#### WORK INSTRUCTION:
If a line in the data contains "False", copy it out.
********
(* Let $A\in\mathbb{R}^{n\times n}$ be an invertible M-matrix, partitioned as $A=\begin{bmatrix} A_{11} & A_{12}\\ A_{21} & A_{22}\end{bmatrix}$ with $A_{11}\in\mathbb{R}^{k\times k}$ and $A_{22}\in\mathbb{R}^{(n-k)\times(n-k)}$. Let $M_{11},N_{11}\in\mathbb{R}^{k\times k}$ and $M_{22},N_{22}\in\mathbb{R}^{(n-k)\times(n-k)}$, and suppose that both pairs \[ M = \begin{bmatrix} M_{11} & 0\\ A_{21} & M_{22}\end{bmatrix},\quad N = \begin{bmatrix} N_{11} & -A_{12}\\ 0 & N_{22}\end{bmatrix} \qquad\text{and}\qquad \hat{M} = \begin{bmatrix} M_{11} & A_{12}\\ 0 & M_{22}\end{bmatrix},\quad \hat{N} = \begin{bmatrix} N_{11} & 0\\ -A_{21} & N_{22}\end{bmatrix} \] are regular splittings of $A$. Then $\hat{M}^{-1}\hat{N}$ and $M^{-1}N$ have the same eigenvalues, and hence the same spectral radius.
   Context: A regular splitting of $A$ is a pair $(M,N)$ with $M$ an invertible M-matrix, $N\geq 0$ entrywise, and $A=M-N$. The spectral radius $\rho(P)$ is the maximum modulus of the eigenvalues of $P$. *)

theory Defs
  imports "Jordan_Normal_Form.Spectral_Radius"
begin

text \<open>Real matrices are \<open>real mat\<close> (Jordan_Normal_Form); eigenvalues and the spectral
  radius are taken over the complex numbers after embedding.\<close>

definition cmat :: "real mat \<Rightarrow> complex mat" where
  "cmat A = map_mat complex_of_real A"

definition nonneg_mat :: "real mat \<Rightarrow> bool" where
  "nonneg_mat A \<longleftrightarrow> (\<forall>i < dim_row A. \<forall>j < dim_col A. A $$ (i, j) \<ge> 0)"

definition M_matrix :: "real mat \<Rightarrow> bool" where
  "M_matrix A \<longleftrightarrow> square_mat A \<and>
     (\<exists>s B. B \<in> carrier_mat (dim_row A) (dim_row A) \<and> nonneg_mat B \<and>
        A = s \<cdot>\<^sub>m 1\<^sub>m (dim_row A) - B \<and> s \<ge> spectral_radius (cmat B))"

definition invertible_M_matrix :: "real mat \<Rightarrow> bool" where
  "invertible_M_matrix A \<longleftrightarrow> M_matrix A \<and> invertible_mat A"

definition regular_splitting :: "real mat \<Rightarrow> real mat \<Rightarrow> real mat \<Rightarrow> bool" where
  "regular_splitting A M N \<longleftrightarrow> invertible_M_matrix M \<and> nonneg_mat N \<and>
     N \<in> carrier_mat (dim_row M) (dim_col M) \<and> A = M - N"

definition mat_inv :: "real mat \<Rightarrow> real mat" where
  "mat_inv A = (SOME B. B \<in> carrier_mat (dim_row A) (dim_row A) \<and>
                        A * B = 1\<^sub>m (dim_row A) \<and> B * A = 1\<^sub>m (dim_row A))"

end

theory Submission
  imports Defs
begin

text \<open>\<open>\<lambda>\<close> is an eigenvalue of \<open>M\<^sup>-\<^sup>1 N\<close> iff \<open>det (N - \<lambda> M) = 0\<close>. The two pencils
  \<open>N - \<lambda> M\<close> and \<open>N\<^sup>^ - \<lambda> M\<^sup>^\<close> have the same diagonal blocks \<open>N\<^sub>i\<^sub>i - \<lambda> M\<^sub>i\<^sub>i\<close> and
  off-diagonal blocks \<open>-A\<^sub>1\<^sub>2, -\<lambda> A\<^sub>2\<^sub>1\<close> resp. \<open>-\<lambda> A\<^sub>1\<^sub>2, -A\<^sub>2\<^sub>1\<close>. For \<open>\<lambda> \<noteq> 0\<close>,
  conjugating by \<open>diag(I, \<lambda> I)\<close> moves the factor \<open>\<lambda>\<close> from one off-diagonal block to the
  other without changing the determinant; for \<open>\<lambda> = 0\<close> both pencils are block triangular
  with the same diagonal. Hence the characteristic equations, and so the spectra, agree.\<close>

lemma det_four_block_mat_smult_off_diag:
  fixes A B C D :: "'a :: field mat" and l :: 'a
  assumes A: "A \<in> carrier_mat k k" and B: "B \<in> carrier_mat k m"
    and C: "C \<in> carrier_mat m k" and D: "D \<in> carrier_mat m m"
  shows "det (four_block_mat A B (l \<cdot>\<^sub>m C) D) = det (four_block_mat A (l \<cdot>\<^sub>m B) C D)"
proof (cases "l = 0")
  case True
  have "det (four_block_mat A B (l \<cdot>\<^sub>m C) D) = det A * det D"
    using True C by (intro det_four_block_mat_lower_left_zero[OF A B _ D]) auto
  moreover have "det (four_block_mat A (l \<cdot>\<^sub>m B) C D) = det A * det D"
    using True B by (intro det_four_block_mat_upper_right_zero[OF A _ C D]) auto
  ultimately show ?thesis by simp
next
  case False
  define S where "S c = four_block_mat (1\<^sub>m k) (0\<^sub>m k m) (0\<^sub>m m k) (c \<cdot>\<^sub>m 1\<^sub>m m)" for c :: 'a
  let ?Y = "four_block_mat A (l \<cdot>\<^sub>m B) C D"
  have S_carrier: "S c \<in> carrier_mat (k + m) (k + m)" for c
    unfolding S_def by auto
  have det_S: "det (S c) = c ^ m" for c
    unfolding S_def by (subst det_four_block_mat_upper_right_zero[of _ k _ m]) auto
  have "S l * ?Y = four_block_mat A (l \<cdot>\<^sub>m B) (l \<cdot>\<^sub>m C) (l \<cdot>\<^sub>m D)"
    unfolding S_def using assms
    by (subst mult_four_block_mat) (auto simp: mult_smult_assoc_mat[of _ m m])
  also have "\<dots> * S (1 / l) = four_block_mat A B (l \<cdot>\<^sub>m C) D"
    unfolding S_def using assms False
    by (subst mult_four_block_mat) (auto simp: mult_smult_distrib[of _ _ m] smult_smult_assoc)
  finally have conj: "S l * ?Y * S (1 / l) = four_block_mat A B (l \<cdot>\<^sub>m C) D" .
  have Y: "?Y \<in> carrier_mat (k + m) (k + m)"
    using assms by auto
  have "det (S l * ?Y * S (1 / l)) = det (S l) * det ?Y * det (S (1 / l))"
    using det_mult[OF mult_carrier_mat[OF S_carrier Y] S_carrier] det_mult[OF S_carrier Y]
    by simp
  also have "\<dots> = det ?Y"
    using False by (simp add: det_S power_divide)
  finally show ?thesis
    using conj by simp
qed

lemma det_block_triangular_pencils_eq:
  fixes M11 N11 M22 N22 B C :: "'a :: field mat" and l :: 'a
  assumes "M11 \<in> carrier_mat k k" "N11 \<in> carrier_mat k k"
    and "M22 \<in> carrier_mat m m" "N22 \<in> carrier_mat m m"
    and "B \<in> carrier_mat k m" "C \<in> carrier_mat m k"
  shows "det (four_block_mat N11 (- B) (0\<^sub>m m k) N22 - l \<cdot>\<^sub>m four_block_mat M11 (0\<^sub>m k m) C M22)
       = det (four_block_mat N11 (0\<^sub>m k m) (- C) N22 - l \<cdot>\<^sub>m four_block_mat M11 B (0\<^sub>m m k) M22)"
proof -
  let ?X11 = "N11 - l \<cdot>\<^sub>m M11" and ?X22 = "N22 - l \<cdot>\<^sub>m M22"
  have "four_block_mat N11 (- B) (0\<^sub>m m k) N22 - l \<cdot>\<^sub>m four_block_mat M11 (0\<^sub>m k m) C M22
      = four_block_mat ?X11 (- B) (l \<cdot>\<^sub>m (- C)) ?X22"
    using assms by (intro eq_matI) auto
  moreover have "four_block_mat N11 (0\<^sub>m k m) (- C) N22 - l \<cdot>\<^sub>m four_block_mat M11 B (0\<^sub>m m k) M22
      = four_block_mat ?X11 (l \<cdot>\<^sub>m (- B)) (- C) ?X22"
    using assms by (intro eq_matI) auto
  moreover have "?X11 \<in> carrier_mat k k" "?X22 \<in> carrier_mat m m" "- B \<in> carrier_mat k m"
    "- C \<in> carrier_mat m k"
    using assms by auto
  ultimately show ?thesis
    using det_four_block_mat_smult_off_diag by metis
qed

lemma spectrum_mult_left_inverse:
  fixes L M N :: "'a :: field mat"
  assumes M: "M \<in> carrier_mat n n" and L: "L \<in> carrier_mat n n" and N: "N \<in> carrier_mat n n"
    and LM: "L * M = 1\<^sub>m n"
  shows "spectrum (L * N) = {l. det (N - l \<cdot>\<^sub>m M) = 0}"
proof -
  have "det L * det M = 1"
    using det_mult[OF L M] LM by simp
  then have det_L: "det L \<noteq> 0"
    by auto
  have char: "char_matrix (L * N) l = L * (N - l \<cdot>\<^sub>m M)" for l
  proof -
    have "L * (N - l \<cdot>\<^sub>m M) = L * N - L * (l \<cdot>\<^sub>m M)"
      using M by (intro mult_minus_distrib_mat[OF L N]) auto
    also have "L * (l \<cdot>\<^sub>m M) = l \<cdot>\<^sub>m 1\<^sub>m n"
      using mult_smult_distrib[OF L M] LM by simp
    finally show ?thesis
      unfolding char_matrix_def using L N by (intro eq_matI) auto
  qed
  have "eigenvalue (L * N) l \<longleftrightarrow> det (N - l \<cdot>\<^sub>m M) = 0" for l
  proof -
    have "N - l \<cdot>\<^sub>m M \<in> carrier_mat n n"
      using M N by auto
    then show ?thesis
      using eigenvalue_det[OF mult_carrier_mat[OF L N]] det_mult[OF L] char det_L by auto
  qed
  then show ?thesis
    unfolding spectrum_def by auto
qed

lemma mat_inv_inverse:
  assumes M: "M \<in> carrier_mat n n" and "invertible_mat M"
  shows "mat_inv M \<in> carrier_mat n n" "M * mat_inv M = 1\<^sub>m n" "mat_inv M * M = 1\<^sub>m n"
proof -
  have dim_M: "dim_row M = n" "dim_col M = n"
    using M by auto
  obtain B where MB: "M * B = 1\<^sub>m n" and BM: "B * M = 1\<^sub>m (dim_row B)"
    using \<open>invertible_mat M\<close> unfolding invertible_mat_def inverts_mat_def dim_M by blast
  have "dim_row B = n"
    using arg_cong[OF BM, of dim_col] dim_M by simp
  moreover have "dim_col B = n"
    using arg_cong[OF MB, of dim_col] by simp
  ultimately have "B \<in> carrier_mat n n \<and> M * B = 1\<^sub>m n \<and> B * M = 1\<^sub>m n"
    using MB BM by auto
  then have "mat_inv M \<in> carrier_mat n n \<and> M * mat_inv M = 1\<^sub>m n \<and> mat_inv M * M = 1\<^sub>m n"
    unfolding mat_inv_def dim_M by (rule someI)
  then show "mat_inv M \<in> carrier_mat n n" "M * mat_inv M = 1\<^sub>m n" "mat_inv M * M = 1\<^sub>m n"
    by auto
qed

lemma cmat_carrier_mat: "A \<in> carrier_mat nr nc \<Longrightarrow> cmat A \<in> carrier_mat nr nc"
  unfolding cmat_def by auto

lemma cmat_mult:
  "A \<in> carrier_mat nr n \<Longrightarrow> B \<in> carrier_mat n nc \<Longrightarrow> cmat (A * B) = cmat A * cmat B"
  unfolding cmat_def by (rule of_real_hom.mat_hom_mult)

lemma cmat_one: "cmat (1\<^sub>m n) = 1\<^sub>m n"
  unfolding cmat_def by (rule of_real_hom.mat_hom_one)

lemma spectrum_cmat_mat_inv_mult:
  assumes M: "M \<in> carrier_mat n n" and N: "N \<in> carrier_mat n n" and "invertible_mat M"
  shows "spectrum (cmat (mat_inv M * N)) = {l. det (cmat N - l \<cdot>\<^sub>m cmat M) = 0}"
proof -
  note inv = mat_inv_inverse[OF M \<open>invertible_mat M\<close>]
  have "cmat (mat_inv M) * cmat M = 1\<^sub>m n"
    using inv M by (simp flip: cmat_mult add: cmat_one)
  then show ?thesis
    using inv N cmat_mult spectrum_mult_left_inverse[OF cmat_carrier_mat[OF M]
        cmat_carrier_mat[OF inv(1)] cmat_carrier_mat[OF N]] by simp
qed

theorem lemma2:
  fixes n k :: nat and A11 A12 A21 A22 M11 N11 M22 N22 :: "real mat"
  assumes "k \<le> n"
    and "A11 \<in> carrier_mat k k" and "A12 \<in> carrier_mat k (n - k)"
    and "A21 \<in> carrier_mat (n - k) k" and "A22 \<in> carrier_mat (n - k) (n - k)"
    and "M11 \<in> carrier_mat k k" and "N11 \<in> carrier_mat k k"
    and "M22 \<in> carrier_mat (n - k) (n - k)" and "N22 \<in> carrier_mat (n - k) (n - k)"
    and "invertible_M_matrix (four_block_mat A11 A12 A21 A22)"
    and "regular_splitting (four_block_mat A11 A12 A21 A22)
           (four_block_mat M11 (0\<^sub>m k (n - k)) A21 M22)
           (four_block_mat N11 (- A12) (0\<^sub>m (n - k) k) N22)"
    and "regular_splitting (four_block_mat A11 A12 A21 A22)
           (four_block_mat M11 A12 (0\<^sub>m (n - k) k) M22)
           (four_block_mat N11 (0\<^sub>m k (n - k)) (- A21) N22)"
  shows "spectrum (cmat (mat_inv (four_block_mat M11 A12 (0\<^sub>m (n - k) k) M22)
                          * four_block_mat N11 (0\<^sub>m k (n - k)) (- A21) N22))
       = spectrum (cmat (mat_inv (four_block_mat M11 (0\<^sub>m k (n - k)) A21 M22)
                          * four_block_mat N11 (- A12) (0\<^sub>m (n - k) k) N22))
    \<and> spectral_radius (cmat (mat_inv (four_block_mat M11 A12 (0\<^sub>m (n - k) k) M22)
                          * four_block_mat N11 (0\<^sub>m k (n - k)) (- A21) N22))
       = spectral_radius (cmat (mat_inv (four_block_mat M11 (0\<^sub>m k (n - k)) A21 M22)
                          * four_block_mat N11 (- A12) (0\<^sub>m (n - k) k) N22))"
proof -
  let ?M = "four_block_mat M11 (0\<^sub>m k (n - k)) A21 M22"
  let ?N = "four_block_mat N11 (- A12) (0\<^sub>m (n - k) k) N22"
  let ?Mh = "four_block_mat M11 A12 (0\<^sub>m (n - k) k) M22"
  let ?Nh = "four_block_mat N11 (0\<^sub>m k (n - k)) (- A21) N22"
  note blocks = assms(2-9)
  have carriers: "?M \<in> carrier_mat n n" "?N \<in> carrier_mat n n"
    "?Mh \<in> carrier_mat n n" "?Nh \<in> carrier_mat n n"
    using blocks \<open>k \<le> n\<close> by auto
  have "invertible_mat ?M" "invertible_mat ?Mh"
    using assms(11,12) unfolding regular_splitting_def invertible_M_matrix_def by auto
  have pencils: "det (cmat ?N - l \<cdot>\<^sub>m cmat ?M) = det (cmat ?Nh - l \<cdot>\<^sub>m cmat ?Mh)" for l
  proof -
    have "cmat ?M = four_block_mat (cmat M11) (0\<^sub>m k (n - k)) (cmat A21) (cmat M22)"
      "cmat ?N = four_block_mat (cmat N11) (- cmat A12) (0\<^sub>m (n - k) k) (cmat N22)"
      "cmat ?Mh = four_block_mat (cmat M11) (cmat A12) (0\<^sub>m (n - k) k) (cmat M22)"
      "cmat ?Nh = four_block_mat (cmat N11) (0\<^sub>m k (n - k)) (- cmat A21) (cmat N22)"
      using blocks by (auto intro!: eq_matI simp: cmat_def)
    then show ?thesis
      using det_block_triangular_pencils_eq[OF blocks(5-8,2,3)[THEN cmat_carrier_mat]] by simp
  qed
  have "spectrum (cmat (mat_inv ?Mh * ?Nh)) = spectrum (cmat (mat_inv ?M * ?N))"
    using carriers \<open>invertible_mat ?M\<close> \<open>invertible_mat ?Mh\<close>
    by (simp add: spectrum_cmat_mat_inv_mult[of _ n] pencils)
  then show ?thesis
    unfolding spectral_radius_def by simp
qed

end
********
#### ANSWER TO THIS PROBLEM:
  case False
    unfolding S_def using assms False
    using False by (simp add: det_S power_divide)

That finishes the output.